И Тарзан небрежно толкнул Сашу в грудь. Тот отлетел на
несколько шагов. Галя закричала. Жгучая ненависть обдала Сашу волной.
Ему показалось, что если сейчас, сию минуту он не вцепится, не вопьётся
в этого гада — он умрёт! Саша, пошарив по земле и не найдя ничего, с
голыми руками, слепо кинулся на пьяного Тарзана. Но тут ему показалось,
что в него ударила молния. Земля вырвалась из-под ног, Сашка потонул в
беспамятстве.
Открыв глаза, он на фоне белого потолка увидел
склонённое к нему лицо Гали. Из кухни доносился звон посуды. Бинты туго
стягивали грудь и лицо. Боль жгучими шариками перекатывалась по телу.
Сознание он больше не терял, только очень хотелось
спать. Когда он закрывал глаза, ему начинало казаться, что весь мир
вращается вокруг него.
— Сыночек! Сашенька! — склонилась над ним мать. — Тебе
удобно лежать? Не сильно больно?.. Ох, что он с тобой сделал! Мы на
него, Сашенька, заявление в милицию напишем.
Саша ничего не ответил, только посмотрел на мать и
устало закрыл глаза.
— Ну ты спи, Сашенька, а мне на работу надо. Спи я скоро
приду.
Мать ушла. Сашка лежал и прислушивался к боли, которая
урывками кусала его тело.
В сенях заскрипели половицы, дверь в комнату отворилась
и на пороге появился Тарзан. От неожиданности Саша вздрогнул. У Тарзана
был заискивающий вид. Он, казалось, стал меньше ростом и, нервно теребя
кепочку в руках, выдавил:
— Ты… Саня… Я то… самое… прощенья пришёл просить, —
посмотрел на ошеломлённого Сашу, до которого не доходил смысл
сказанного. — Ты… не сердись на меня… Понимаешь, я же пошутил… Я же
отошёл бы… А ты сразу пинаться,.. Ну, и осерчал я… Ведь тоже обидно…

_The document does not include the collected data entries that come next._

lemma tree_fort_packing:
  assumes T: "tree T" and eq: "power_domination_number T = domination_number T"
  obtains A where "fort_packing T A" "power_domination_number T \<le> card A"
proof -
  have G: "graph T" using T by (rule tree_graph)
  obtain D where D: "dominating_set T D" "card D = domination_number T"
    using domination_number_attained[OF G] .
  have "finite D"
    using D(1) G unfolding dominating_set_def graph_def by (meson finite_subset)
  show ?thesis
  proof (cases "\<forall>d\<in>D. \<exists>l l'. leaf_at T d l \<and> leaf_at T d l' \<and> l \<noteq> l'")
    case True
    then obtain f g where "\<And>d. d \<in> D \<Longrightarrow> leaf_at T d (f d) \<and> leaf_at T d (g d) \<and> f d \<noteq> g d"
      by metis
    from fort_packing_leaf_pairs[OF G \<open>finite D\<close> this] show ?thesis
      using that D(2) eq by simp
  next
    case False
    then obtain d where "d \<in> D"
      and one_leaf: "\<And>l l'. leaf_at T d l \<Longrightarrow> leaf_at T d l' \<Longrightarrow> l = l'"
      by blast
    show ?thesis
    proof (cases "\<exists>y z. adj T d y \<and> adj T y z \<and> z \<noteq> d")
      case True
      then obtain y z where "adj T d y" "adj T y z" "z \<noteq> d" by blast
      with power_dominating_set_Diff_singleton[OF T D(1) one_leaf]
      have "power_domination_number T \<le> card (D - {d})"
        by (metis power_domination_number_le)
      moreover have "card (D - {d}) < card D"
        using \<open>finite D\<close> \<open>d \<in> D\<close> by (rule card_Diff1_less)
      ultimately show ?thesis using D(2) eq by simp
    next
      case False
      have "d \<in> verts T" using D(1) \<open>d \<in> D\<close> unfolding dominating_set_def by blast
      with False have "dominating_set T {d}"
        using dominating_set_star_centre[OF G] T unfolding tree_def by metis
      then have "power_domination_number T \<le> card {d}"
        by (intro power_domination_number_le power_dominating_set_if_dominating_set)
      moreover have "fort_packing T {verts T}"
        using \<open>d \<in> verts T\<close> unfolding fort_packing_def fort_def by auto
      ultimately show ?thesis using that by simp
    qed
  qed
qed

theorem theorem1p3:
  fixes T1 :: "'a graph" and T2 :: "'b graph"
  assumes "tree T1" and "tree T2"
    and "power_domination_number T1 = domination_number T1"
    and "power_domination_number T2 = domination_number T2"
  shows "power_domination_number (cart_prod T1 T2)
           \<ge> power_domination_number T1 * power_domination_number T2"
proof -
  obtain A where A: "fort_packing T1 A" "power_domination_number T1 \<le> card A"
    using tree_fort_packing[OF assms(1,3)] .
  obtain B where B: "fort_packing T2 B" "power_domination_number T2 \<le> card B"
    using tree_fort_packing[OF assms(2,4)] .
  have "graph (cart_prod T1 T2)"
    using assms(1,2) by (intro graph_cart_prod tree_graph)
  then have "card A * card B \<le> power_domination_number (cart_prod T1 T2)"
    using card_fort_packing_le_power_domination_number fort_packing_cart_prod[OF A(1) B(1)]
    by metis
  moreover have "power_domination_number T1 * power_domination_number T2 \<le> card A * card B"
    using A(2) B(2) by (rule mult_le_mono)
  ultimately show ?thesis by linarith
qed

end
lemma Tr1_triv_eq_det_eff: "f \<in> Tr1 T A (triv T) \<Longrightarrow> f = det_eff T A"
  using unique_det_eff det_eff_Tr1 by blast

lemma det_eff_Eff: "det_eff T A \<in> Eff T A"
  using Tr1_imp_Tr[OF det_eff_Tr1] unfolding Eff_def .

text \<open>Coarse-graining a whole test yields a deterministic effect, hence the deterministic one.\<close>

lemma sum_pairing_test:
  assumes t: "is_test T t A (triv T)" and \<Phi>: "\<Phi> \<in> St T A"
  shows "(\<Sum>k<length t. pairing T (t!k) \<Phi>) = pairing T (det_eff T A) \<Phi>"
proof -
  have "{..<length t} \<noteq> {}" using tests_nonempty t unfolding is_test_def by auto
  then obtain t' i where t': "is_test T t' A (triv T)" and i: "i < length t'"
      and sum: "\<forall>\<Xi>\<in>St T A. pairing T (t'!i) \<Xi> = (\<Sum>k<length t. pairing T (t!k) \<Xi>)"
      and "length t' = 1"
    using coarse_grain[OF t order_refl] by blast
  then obtain a where a: "t' = [a]" by (metis One_nat_def length_0_conv length_Suc_conv)
  then have "a = det_eff T A" using t' Tr1_triv_eq_det_eff unfolding Tr1_def by blast
  with a i sum \<Phi> show ?thesis by simp
qed

lemma det_eff_seq: "Q \<in> Tr1 T Y X \<Longrightarrow> seq T (det_eff T X) Q = det_eff T Y"
  using Tr1_triv_eq_det_eff[OF Tr1_seq[OF _ det_eff_Tr1]] .

lemma pairing_det_eff_seq:
  assumes Q: "Q \<in> Tr1 T Y X" and \<Psi>: "\<Psi> \<in> St T Y"
  shows "pairing T (det_eff T X) (seq T Q \<Psi>) = pairing T (det_eff T Y) \<Psi>"
proof -
  have "scod T \<Psi> = sdom T Q" "scod T Q = sdom T (det_eff T X)"
    using dom_Tr \<Psi> dom_Tr1[OF Q] dom_Tr1[OF det_eff_Tr1] unfolding St_def by auto
  then show ?thesis unfolding pairing_def using seq_assoc det_eff_seq[OF Q] by simp
qed

definition normalized :: "'s \<Rightarrow> 'e \<Rightarrow> bool" where
  "normalized Y \<Psi> \<longleftrightarrow> \<Psi> \<in> St T Y \<and> pairing T (det_eff T Y) \<Psi> = 1"

lemma normalized_St1: "\<rho> \<in> St1 T X \<Longrightarrow> normalized X \<rho>"
proof -
  assume \<rho>: "\<rho> \<in> St1 T X"
  then have "seq T (det_eff T X) \<rho> \<in> Tr1 T (triv T) (triv T)"
    using Tr1_seq det_eff_Tr1 unfolding St1_def by blast
  then have "prb T (seq T (det_eff T X) \<rho>) = 1" using prb_test unfolding Tr1_def by force
  then show ?thesis
    using \<rho> Tr1_imp_Tr unfolding normalized_def pairing_def St1_def St_def by blast
qed

lemma normalized_seq:
  assumes \<Psi>: "normalized Y \<Psi>" and Q: "Q \<in> Tr1 T Y X"
  shows "normalized X (seq T Q \<Psi>)"
proof -
  have St: "\<Psi> \<in> St T Y" using \<Psi> unfolding normalized_def by blast
  have "seq T Q \<Psi> \<in> St T X"
    using Tr_seq[OF St[unfolded St_def] Tr1_imp_Tr[OF Q]] unfolding St_def .
  then show ?thesis using \<Psi> pairing_det_eff_seq[OF Q St] unfolding normalized_def by simp
qed

lemma pairing_le_1:
  assumes \<Psi>: "normalized Y \<Psi>" and a: "a \<in> Eff T Y"
  shows "pairing T a \<Psi> \<le> 1"
proof -
  obtain t where t: "is_test T t Y (triv T)" "a \<in> set t"
    using a unfolding Eff_def Tr_def by blast
  then obtain i where i: "i < length t" "t!i = a" by (meson in_set_conv_nth)
  have St: "\<Psi> \<in> St T Y" using \<Psi> unfolding normalized_def by blast
  have "0 \<le> pairing T (t!k) \<Psi>" if "k \<in> {..<length t}" for k
    using pairing_nonneg[OF test_Eff[OF t(1)] St] that by simp
  then have "pairing T a \<Psi> \<le> (\<Sum>k<length t. pairing T (t!k) \<Psi>)"
    using member_le_sum[of i "{..<length t}" "\<lambda>k. pairing T (t!k) \<Psi>"] i by auto
  then show ?thesis using sum_pairing_test[OF t(1) St] \<Psi> unfolding normalized_def by simp
qed

section \<open>Fidelity and operational distance\<close>

lemma pairing_in_unit_interval:
  "normalized Y \<Psi> \<Longrightarrow> a \<in> Eff T Y \<Longrightarrow> 0 \<le> pairing T a \<Psi> \<and> pairing T a \<Psi> \<le> 1"
  using pairing_nonneg pairing_le_1 unfolding normalized_def by blast

lemma sum_pairing_test_normalized:
  "normalized Y \<Psi> \<Longrightarrow> is_test T t Y (triv T) \<Longrightarrow> (\<Sum>k<length t. pairing T (t!k) \<Psi>) = 1"
  using sum_pairing_test unfolding normalized_def by simp

lemma sum_list_bhattacharyya:
  "sum_list (map (\<lambda>a. sqrt (pairing T a \<Psi> * pairing T a \<Phi>)) t)
    = (\<Sum>k<length t. sqrt (pairing T (t!k) \<Psi> * pairing T (t!k) \<Phi>))"
  by (simp add: sum_list_sum_nth atLeast0LessThan)

context
  fixes Y \<Psi> \<Phi>
  assumes Psi: "normalized Y \<Psi>" and Phi: "normalized Y \<Phi>"
begin

lemma bhattacharyya_nonneg:
  "is_test T t Y (triv T) \<Longrightarrow> 0 \<le> sum_list (map (\<lambda>a. sqrt (pairing T a \<Psi> * pairing T a \<Phi>)) t)"
  unfolding sum_list_bhattacharyya
  using pairing_in_unit_interval[OF Psi] pairing_in_unit_interval[OF Phi] test_Eff
  by (intro sum_nonneg) simp

lemma fidelity_le_bhattacharyya:
  "is_test T t Y (triv T) \<Longrightarrow>
    fidelity T Y \<Psi> \<Phi> \<le> (\<Sum>k<length t. sqrt (pairing T (t!k) \<Psi> * pairing T (t!k) \<Phi>))"
  unfolding fidelity_def sum_list_bhattacharyya[symmetric]
  by (rule cINF_lower) (auto intro!: bdd_belowI2[where m=0] bhattacharyya_nonneg)

lemma fidelity_nonneg: "0 \<le> fidelity T Y \<Psi> \<Phi>"
proof -
  have "is_test T [det_eff T Y] Y (triv T)" using det_eff_Tr1[of Y] unfolding Tr1_def by simp
  then show ?thesis unfolding fidelity_def by (intro cINF_greatest) (auto intro: bhattacharyya_nonneg)
qed

lemma pairing_diff_le_fidelity:
  assumes a: "a \<in> Eff T Y"
  shows "pairing T a \<Phi> - pairing T a \<Psi> \<le> sqrt (1 - (fidelity T Y \<Psi> \<Phi>)\<^sup>2)"
proof -
  obtain t where t: "is_test T t Y (triv T)" "a \<in> set t" using a unfolding Eff_def Tr_def by blast
  then obtain i where i: "i < length t" "t!i = a" by (meson in_set_conv_nth)
  define p q where "p k = pairing T (t!k) \<Psi>" "q k = pairing T (t!k) \<Phi>" for k
  define K where "K = {..<length t} - {i}"
  have unit: "0 \<le> p k \<and> p k \<le> 1 \<and> 0 \<le> q k \<and> q k \<le> 1" if "k < length t" for k
    unfolding p_q_def
    using pairing_in_unit_interval[OF Psi] pairing_in_unit_interval[OF Phi] test_Eff[OF t(1) that]
    by blast
  have split: "(\<Sum>k<length t. f k) = f i + (\<Sum>k\<in>K. f k)" for f :: "nat \<Rightarrow> real"
    unfolding K_def using i by (simp add: sum.remove)
  have "fidelity T Y \<Psi> \<Phi> \<le> sqrt (p i * q i) + (\<Sum>k\<in>K. sqrt (p k * q k))"
    using fidelity_le_bhattacharyya[OF t(1)] unfolding split p_q_def .
  also have "\<dots> \<le> sqrt (p i * q i) + sqrt ((\<Sum>k\<in>K. p k) * (\<Sum>k\<in>K. q k))"
    using sum_sqrt_mult_le[of K p q] unit unfolding K_def by auto
  also have "(\<Sum>k\<in>K. p k) = 1 - p i"
    using sum_pairing_test_normalized[OF Psi t(1)] split[of p] unfolding p_q_def by simp
  also have "(\<Sum>k\<in>K. q k) = 1 - q i"
    using sum_pairing_test_normalized[OF Phi t(1)] split[of q] unfolding p_q_def by simp
  finally have "fidelity T Y \<Psi> \<Phi> \<le> sqrt (p i * q i) + sqrt ((1 - p i) * (1 - q i))" .
  from two_outcome_bias_le[OF _ _ _ _ fidelity_nonneg this] show ?thesis
    using unit[OF i(1)] i(2) unfolding p_q_def by simp
qed

lemma op_dist_normalized:
  "op_dist T Y \<Phi> \<Psi> = (SUP a\<in>Eff T Y. 2 * (pairing T a \<Phi> - pairing T a \<Psi>))"
  using Psi Phi unfolding op_dist_def normalized_def by (simp add: algebra_simps)

lemma bias_bdd_above: "bdd_above ((\<lambda>a. 2 * (pairing T a \<Phi> - pairing T a \<Psi>)) ` Eff T Y)"
  using pairing_in_unit_interval[OF Psi] pairing_in_unit_interval[OF Phi]
  by (intro bdd_aboveI2[where M=2]) force

lemma pairing_diff_le_op_dist:
  "a \<in> Eff T Y \<Longrightarrow> 2 * (pairing T a \<Phi> - pairing T a \<Psi>) \<le> op_dist T Y \<Phi> \<Psi>"
  unfolding op_dist_normalized by (rule cSUP_upper[OF _ bias_bdd_above])

lemma op_dist_nonneg: "0 \<le> op_dist T Y \<Phi> \<Psi>"
  using pairing_diff_le_op_dist[OF det_eff_Eff] Psi Phi unfolding normalized_def by simp

lemma op_dist_le_fidelity: "op_dist T Y \<Phi> \<Psi> \<le> 2 * sqrt (1 - (fidelity T Y \<Psi> \<Phi>)\<^sup>2)"
  unfolding op_dist_normalized
proof (rule cSUP_least)
  show "Eff T Y \<noteq> {}" using det_eff_Eff by blast
  show "2 * (pairing T a \<Phi> - pairing T a \<Psi>) \<le> 2 * sqrt (1 - (fidelity T Y \<Psi> \<Phi>)\<^sup>2)"
    if "a \<in> Eff T Y" for a
    using pairing_diff_le_fidelity[OF that] by simp
qed

lemma sum_diff_le_op_dist:
  assumes t: "is_test T t Y (triv T)" and S: "S \<subseteq> {..<length t}"
  shows "2 * (\<Sum>k\<in>S. pairing T (t!k) \<Phi> - pairing T (t!k) \<Psi>) \<le> op_dist T Y \<Phi> \<Psi>"
proof (cases "S = {}")
  case True
  then show ?thesis using op_dist_nonneg by simp
next
  case False
  then obtain t' i where t': "is_test T t' Y (triv T)" "i < length t'"
      "\<forall>\<Xi>\<in>St T Y. pairing T (t'!i) \<Xi> = (\<Sum>k\<in>S. pairing T (t!k) \<Xi>)"
    using coarse_grain[OF t S] by blast
  have "pairing T (t'!i) \<Phi> - pairing T (t'!i) \<Psi>
      = (\<Sum>k\<in>S. pairing T (t!k) \<Phi> - pairing T (t!k) \<Psi>)"
    using t'(3) Psi Phi unfolding normalized_def by (simp add: sum_subtractf)
  then show ?thesis using pairing_diff_le_op_dist[OF test_Eff[OF t'(1,2)]] by simp
qed
lemma cplx_pos_linear_image_iff:
  fixes T :: "'a::euclidean_space \<Rightarrow> complex^'n"
  assumes T: "linear T" "inj T" and T_J: "\<And>a. cmul \<i> (T a) = T (J a)"
  shows "cplx_pos (range T) d (\<lambda>k. T (c k)) \<longleftrightarrow>
    (\<exists>e. is_obasis UNIV d (cx_frame J e) \<and> same_orient UNIV d c (cx_frame J e))"
proof
  assume "cplx_pos (range T) d (\<lambda>k. T (c k))"
  then obtain w where w: "is_obasis (range T) d (cx_frame (cmul \<i>) w)"
    and c_w: "same_orient (range T) d (\<lambda>k. T (c k)) (cx_frame (cmul \<i>) w)"
    unfolding cplx_pos_iff_cx_frame by blast
  define e where "e j = inv T (w j)" for j
  have "w (k div 2) \<in> range T" if "k < d" for k
  proof -
    have "2 * (k div 2) < d" using that by linarith
    then show ?thesis using w unfolding is_obasis_def cx_frame_def by force
  qed
  then have w_e: "cx_frame (cmul \<i>) w k = T (cx_frame J e k)" if "k < d" for k
    using that by (simp add: cx_frame_def e_def f_inv_into_f flip: T_J)
  have "is_obasis (range T) d (\<lambda>k. T (cx_frame J e k))"
    using w w_e by (rule is_obasis_cong)
  moreover have "same_orient (range T) d (\<lambda>k. T (c k)) (\<lambda>k. T (cx_frame J e k))"
    using c_w by (rule same_orient_cong) (simp_all add: w_e)
  ultimately show "\<exists>e. is_obasis UNIV d (cx_frame J e) \<and> same_orient UNIV d c (cx_frame J e)"
    by (auto simp: is_obasis_linear_image_iff[OF T] same_orient_linear_image_iff[OF T])
next
  assume "\<exists>e. is_obasis UNIV d (cx_frame J e) \<and> same_orient UNIV d c (cx_frame J e)"
  then obtain e where "is_obasis UNIV d (cx_frame J e)" "same_orient UNIV d c (cx_frame J e)"
    by blast
  moreover have "cx_frame (cmul \<i>) (\<lambda>j. T (e j)) = (\<lambda>k. T (cx_frame J e k))"
    using cx_frame_linear_image[of "cmul \<i>" T J] T_J by blast
  ultimately show "cplx_pos (range T) d (\<lambda>k. T (c k))"
    unfolding cplx_pos_iff_cx_frame
    by (metis is_obasis_linear_image_iff[OF T] same_orient_linear_image_iff[OF T])
qed

definition Lambda_iso :: "(real^'n \<Rightarrow> real^'n) \<Rightarrow> real^'n \<Rightarrow> complex^'n" where
  "Lambda_iso J a = (1 / sqrt 2) *\<^sub>R (cvec a - cmul \<i> (cvec (J a)))"

lemma Re_Lambda_iso: "Re (Lambda_iso J a $ k) = a $ k / sqrt 2"
  and Im_Lambda_iso: "Im (Lambda_iso J a $ k) = - (J a $ k / sqrt 2)"
  by (simp_all add: Lambda_iso_def cvec_def cmul_def)

lemma linear_Lambda_iso:
  assumes "linear J"
  shows "linear (Lambda_iso J)"
  by (rule linearI) (simp_all add: vec_eq_iff complex_eq_iff Re_Lambda_iso Im_Lambda_iso
      linear_add[OF assms] linear_cmul[OF assms] add_divide_distrib)

lemma inner_Lambda_iso:
  assumes "\<And>a b. inner (J a) (J b) = inner a b"
  shows "inner (Lambda_iso J a) (Lambda_iso J b) = inner a b"
proof -
  have "inner (Lambda_iso J a) (Lambda_iso J b) = (\<Sum>k\<in>UNIV. (a$k * b$k + J a $ k * J b $ k) / 2)"
    unfolding inner_vec_def inner_complex_def Re_Lambda_iso Im_Lambda_iso
    by (intro sum.cong) (auto simp: field_simps)
  also have "\<dots> = (inner a b + inner (J a) (J b)) / 2"
    by (simp add: inner_vec_def sum.distrib sum_divide_distrib[symmetric])
  finally show ?thesis using assms by simp
qed

lemma cmul_i_Lambda_iso:
  assumes "\<And>a. J (J a) = - a"
  shows "cmul \<i> (Lambda_iso J a) = Lambda_iso J (J a)"
  by (simp add: vec_eq_iff complex_eq_iff Re_Lambda_iso Im_Lambda_iso assms cmul_def)

lemma Lambda_eq_range_Lambda_iso:
  assumes "linear J"
  shows "Lambda J = range (Lambda_iso J)"
proof -
  have "cvec a - cmul \<i> (cvec (J a)) = Lambda_iso J (sqrt 2 *\<^sub>R a)" for a
    by (simp add: vec_eq_iff complex_eq_iff Re_Lambda_iso Im_Lambda_iso linear_cmul[OF assms]
        cvec_def cmul_def)
  then have "Lambda J = Lambda_iso J ` range (\<lambda>a. sqrt 2 *\<^sub>R a)"
    unfolding Lambda_def by auto
  moreover have "range (\<lambda>a::real^'n. sqrt 2 *\<^sub>R a) = UNIV"
    by (auto intro!: image_eqI[where x="x /\<^sub>R sqrt 2" for x])
  ultimately show ?thesis by metis
qed

theorem proposition5p1:
  fixes n :: nat and J :: "real^('n::{finite,linorder}) \<Rightarrow> real^('n::{finite,linorder})"
  assumes "CARD('n::{finite,linorder}) = 2 * n" and "n \<ge> 2" and "orth_cx_structure J"
  shows "sphere_orient_preserving (UNIV :: (real^('n::{finite,linorder})) set) (2 * n) std_pos
           (Lambda J) (2 * n) (cplx_pos (Lambda J) (2 * n))
           (\<lambda>a. (1 / sqrt 2) *\<^sub>R (cvec a - cmul \<i> (cvec (J a))))
         \<longleftrightarrow> orient_compatible J"
proof -
  have J: "linear J" "\<And>a. J (J a) = - a" "\<And>a b. inner (J a) (J b) = inner a b"
    using assms(3) unfolding orth_cx_structure_def by auto
  note L = linear_Lambda_iso[OF J(1)] inner_Lambda_iso[OF J(3)]
  note J_Lambda_iso = cmul_i_Lambda_iso[of J, OF J(2)]
  have "inj (Lambda_iso J)"
    using L(2) by (rule inj_if_inner_preserving)
  have "sphere_orient_preserving UNIV (2 * n) std_pos (Lambda J) (2 * n) (cplx_pos (Lambda J) (2 * n))
      (Lambda_iso J) \<longleftrightarrow> cplx_pos (Lambda J) (2 * n) (\<lambda>k. Lambda_iso J (std_basis k))"
    unfolding Lambda_eq_range_Lambda_iso[OF J(1)]
    using L assms(1) cplx_pos_same_orient by (rule sphere_orient_preserving_linear_isometry_iff)
  also have "\<dots> \<longleftrightarrow>
      (\<exists>e. is_obasis UNIV (2 * n) (cx_frame J e) \<and> same_orient UNIV (2 * n) std_basis (cx_frame J e))"
    unfolding Lambda_eq_range_Lambda_iso[OF J(1)]
    by (rule cplx_pos_linear_image_iff[OF L(1) \<open>inj (Lambda_iso J)\<close>, OF J_Lambda_iso])
  also have "\<dots> \<longleftrightarrow> orient_compatible J"
    unfolding orient_compatible_iff_cx_frame std_pos_def assms(1) by (meson same_orient_sym)
  finally show ?thesis
    by (simp add: Lambda_iso_def[abs_def])
qed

Тарзан, видимо, узнал, что Сашина мать грозится написать
заявление в милицию. Он уже отсидел в зоне полтора года, испытал, что
это за штука. Ему страшно не хотелось жить там, где нет водки, веселья
и где нужно вкалывать на совесть. Он решил любой ценой упросить Сашку
не делать ему, Игорю Бубенцову, зла. Тарзан ругал себя всячески за то,
что вчера забылся. И вот теперь стоял он перед Сашкой и униженно
просил, смирив свою гордость.
Сашка уже, наконец, понял, что нужно Тарзану. Ненависть
снова захлестнула, переполнила его до предела. Он хотел крикнуть, чтобы
тот убирался ко всем чертям, прощения ему не будет, но вид этого детины
— грозы села, бормотавшего оправдания, был так дик и нелеп, что Сашке
стало неловко. А потом, как в плохой мелодраме, Тарзан опустился на пол
и на коленях пополз к кровати, исступлённо шепча:
— Саня… Я тебе денег дам…
Стало невыносимо. Злости не было. Остались липкая
гадливость, и неловкость за другого.
— Хорошо. Только уходи, — с трудом произнёс Сашка.
Тарзан мгновенно расплылся в улыбке, сверкнув вставными
зубами, и вскочил с коленей.
— Ну вот, Сашок. Ты сдержишь слово. Я же знаю, что ты
настоящий корефан. Мы с тобой такими корешами станем! Такими
корешами!..
Наконец, поняв, что чем быстрее он уйдёт, тем будет
лучше, скрылся за дверьми.
Вечером Сашка долго не решался заговорить с матерью.
Потом, подозвав её к кровати, твёрдо, через силу, произнёс:
— Мама, не надо заявление писать.
У матери опустились руки.
— Как же так, Саша? Ты что? Это что же — безнаказанным
ему ходить? Он же чуть не убил тебя! Сынок, опомнись!
— Мама, так нужно. Не пиши.
— Нет, сынок. Как хочешь, а я напишу. Я не могу. Как же
так?
— Мама, не пиши! Я буду все отрицать! Не пиши!
Мать заплакала, но заявление не написала.
И вот теперь Сашка в тысячный раз себя спрашивает:
— Почему? Зачем я так сделал?
А мать молчит, и это молчание красноречивее всяких слов.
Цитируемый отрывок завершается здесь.